WHAT TO WORK ON » Where the listing below reaches the line containing "k. 0 \<le> q", start writing out lines exactly, and stop once the line containing "t \<Longrightarrow> t \<le>" has been written.

DATASET EXTRACT »
lemma Bpol_projection_variational:
  fixes p h q :: "real^'y::finite^'x::finite"
  assumes D: "\<And>x. 0 < D x"
    and p: "\<And>x k. 0 \<le> p $ x $ k" and h: "\<And>x k. 0 \<le> h $ x $ k"
    and pq: "\<And>x k. 0 < p $ x $ k \<Longrightarrow> 0 < q $ x $ k"
    and hq: "\<And>x k. 0 < h $ x $ k \<Longrightarrow> 0 < q $ x $ k"
    and min: "\<And>t. 0 < t \<Longrightarrow> t < 1 \<Longrightarrow> Bpol D h q \<le> Bpol D ((1 - t) *\<^sub>R h + t *\<^sub>R p) q"
  shows "\<And>x k. 0 < p $ x $ k \<Longrightarrow> 0 < h $ x $ k"
    and "0 \<le> (\<Sum>x\<in>UNIV. D x * (\<Sum>k\<in>UNIV. (p $ x $ k - h $ x $ k) * ln (h $ x $ k / q $ x $ k)))"
proof -
  define u where "u x k t = (1 - t) * h $ x $ k + t * p $ x $ k" for x k and t :: real
  \<comment> \<open>On the segment, the directional derivative splits into a part continuous at \<open>t = 0\<close>
      and a multiple of \<open>ln t\<close> that collects the mass of \<open>p\<close> outside the support of \<open>h\<close>.\<close>
  define A where "A t = (\<Sum>x\<in>UNIV. D x * (\<Sum>k\<in>UNIV.
      if 0 < h $ x $ k then (p $ x $ k - h $ x $ k) * ln (u x k t / q $ x $ k)
      else p $ x $ k * ln (p $ x $ k / q $ x $ k)))" for t
  define M where "M = (\<Sum>x\<in>UNIV. D x * (\<Sum>k\<in>UNIV. if h $ x $ k = 0 then p $ x $ k else 0))"
  have split: "(p $ x $ k - h $ x $ k) * ln (u x k t / q $ x $ k)
      = (if 0 < h $ x $ k then (p $ x $ k - h $ x $ k) * ln (u x k t / q $ x $ k)
         else p $ x $ k * ln (p $ x $ k / q $ x $ k))
        + (if h $ x $ k = 0 then p $ x $ k else 0) * ln t" if "0 < t" for x k t
  proof (cases "h $ x $ k = 0 \<and> 0 < p $ x $ k")
    case True
    then have "ln (t * p $ x $ k / q $ x $ k) = ln t + ln (p $ x $ k / q $ x $ k)"
      using that pq[of x k] by (simp add: ln_mult ln_div)
    then show ?thesis
      using True by (simp add: u_def algebra_simps)
  qed (use h[of x k] p[of x k] in \<open>auto simp: order.order_iff_strict\<close>)
  have "\<forall>\<^sub>F t in at_right 0. 0 \<le> A t + M * ln t"
    using eventually_at_right_real[OF zero_less_one]
  proof eventually_elim
    case (elim t)
    then have "0 \<le> (\<Sum>x\<in>UNIV. D x * (\<Sum>k\<in>UNIV. (p $ x $ k - h $ x $ k) * ln (u x k t / q $ x $ k)))"
      unfolding u_def using assms by (intro Bpol_segment_first_order) auto
    also have "\<dots> = A t + M * ln t"
      using elim by (simp add: split A_def M_def sum.distrib sum_distrib_right distrib_left mult.assoc)
    finally show ?case .
  qed
  moreover have "(A \<longlongrightarrow> A 0) (at_right 0)"
  proof -
    have "((\<lambda>t. ln (u x k t / q $ x $ k)) \<longlongrightarrow> ln (u x k 0 / q $ x $ k)) (at_right 0)"
      if "0 < h $ x $ k" for x k
      unfolding u_def using that hq[OF that] by (intro tendsto_intros) auto
    then show ?thesis
      unfolding A_def by (intro tendsto_sum tendsto_mult_left) (auto intro: tendsto_mult_left)
  qed
  moreover have "0 \<le> M"
    unfolding M_def using p less_imp_le[OF D] by (intro sum_nonneg mult_nonneg_nonneg) auto
  ultimately have "M = 0" "0 \<le> A 0"
    using log_perturbation_nonneg by blast+
  have M_terms: "(if h $ x $ k = 0 then p $ x $ k else 0) = 0" for x k
  proof -
    have inner: "0 \<le> (\<Sum>k\<in>UNIV. if h $ x $ k = 0 then p $ x $ k else 0)" for x
      using p by (simp add: sum_nonneg)
    then have "D x * (\<Sum>k\<in>UNIV. if h $ x $ k = 0 then p $ x $ k else 0) = 0"
      using \<open>M = 0\<close> less_imp_le[OF D] unfolding M_def by (simp add: sum_nonneg_eq_0_iff)
    then show ?thesis
      using D[of x] inner p by (simp add: sum_nonneg_eq_0_iff)
  qed
  show hp: "0 < h $ x $ k" if "0 < p $ x $ k" for x k
    using M_terms[of x k] h[of x k] that by (auto simp: order.order_iff_strict split: if_splits)
  have "A 0 = (\<Sum>x\<in>UNIV. D x * (\<Sum>k\<in>UNIV. (p $ x $ k - h $ x $ k) * ln (h $ x $ k / q $ x $ k)))"
  proof -
    have "(if 0 < h $ x $ k then (p $ x $ k - h $ x $ k) * ln (u x k 0 / q $ x $ k)
           else p $ x $ k * ln (p $ x $ k / q $ x $ k))
        = (p $ x $ k - h $ x $ k) * ln (h $ x $ k / q $ x $ k)" for x k
      using hp[of x k] p[of x k] h[of x k] by (auto simp: u_def order.order_iff_strict)
    then show ?thesis
      by (simp add: A_def)
  qed
  then show "0 \<le> (\<Sum>x\<in>UNIV. D x * (\<Sum>k\<in>UNIV. (p $ x $ k - h $ x $ k) * ln (h $ x $ k / q $ x $ k)))"
    using \<open>0 \<le> A 0\<close> by simp
qed

lemma Bpol_pythagoras:
  fixes p h q :: "real^'y::finite^'x::finite"
  assumes D: "\<And>x. 0 < D x"
    and p: "\<And>x k. 0 \<le> p $ x $ k" and h: "\<And>x k. 0 \<le> h $ x $ k" and q: "\<And>x k. 0 \<le> q $ x $ k"
    and min: "\<And>t. 0 < t \<Longrightarrow> t \<le> 1 \<Longrightarrow> Bpol D h q \<le> Bpol D ((1 - t) *\<^sub>R h + t *\<^sub>R p) q"
  shows "Bpol D p h + Bpol D h q \<le> Bpol D p q"
proof (cases "Bpol D p q = \<infinity>")
  case False
  have pq: "0 < q $ x $ k" if "0 < p $ x $ k" for x k
    using Bpol_finite_imp_support[OF D p q False that] .
  have h_finite: "Bpol D h q \<noteq> \<infinity>"
    using min[of 1] False by auto
  have hq: "0 < q $ x $ k" if "0 < h $ x $ k" for x k
    using Bpol_finite_imp_support[OF D h q h_finite that] .
  have segment: "Bpol D h q \<le> Bpol D ((1 - t) *\<^sub>R h + t *\<^sub>R p) q" if "0 < t" "t < 1" for t
    using min that by simp
  note variational = Bpol_projection_variational[where D = D and p = p and h = h and q = q]
  have hp: "0 < h $ x $ k" if "0 < p $ x $ k" for x k
    by (rule variational(1)) (auto intro: D p h pq hq segment that)
  have first_order:
    "0 \<le> (\<Sum>x\<in>UNIV. D x * (\<Sum>k\<in>UNIV. (p $ x $ k - h $ x $ k) * ln (h $ x $ k / q $ x $ k)))"
    by (rule variational(2)) (auto intro: D p h pq hq segment)
  have three_point: "kl_real (p $ x $ k) (q $ x $ k) = kl_real (p $ x $ k) (h $ x $ k)
      + kl_real (h $ x $ k) (q $ x $ k) + (p $ x $ k - h $ x $ k) * ln (h $ x $ k / q $ x $ k)" for x k
  proof (cases "0 < h $ x $ k")
    case True
    then show ?thesis
      using p hq by (intro kl_real_three_point) auto
  next
    case False
    then have "h $ x $ k = 0" "p $ x $ k = 0"
      using h[of x k] p[of x k] hp[of x k] by linarith+
    then show ?thesis
      by (simp add: kl_real_def)
  qed
  have "Bpol D p q = Bpol D p h + Bpol D h q
      + ereal (\<Sum>x\<in>UNIV. D x * (\<Sum>k\<in>UNIV. (p $ x $ k - h $ x $ k) * ln (h $ x $ k / q $ x $ k)))"
    by (simp add: Bpol_eq_ereal_kl_real[OF p pq] Bpol_eq_ereal_kl_real[OF p hp]
        Bpol_eq_ereal_kl_real[OF h hq] three_point sum.distrib distrib_left)
  then show ?thesis
    using first_order by (simp add: add_increasing2)
qed simp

EXERCISE RESPONSE »
    and p: "\<And>x k. 0 \<le> p $ x $ k" and h: "\<And>x k. 0 \<le> h $ x $ k" and q: "\<And>x k. 0 \<le> q $ x $ k"
    and min: "\<And>t. 0 < t \<Longrightarrow> t \<le> 1 \<Longrightarrow> Bpol D h q \<le> Bpol D ((1 - t) *\<^sub>R h + t *\<^sub>R p) q"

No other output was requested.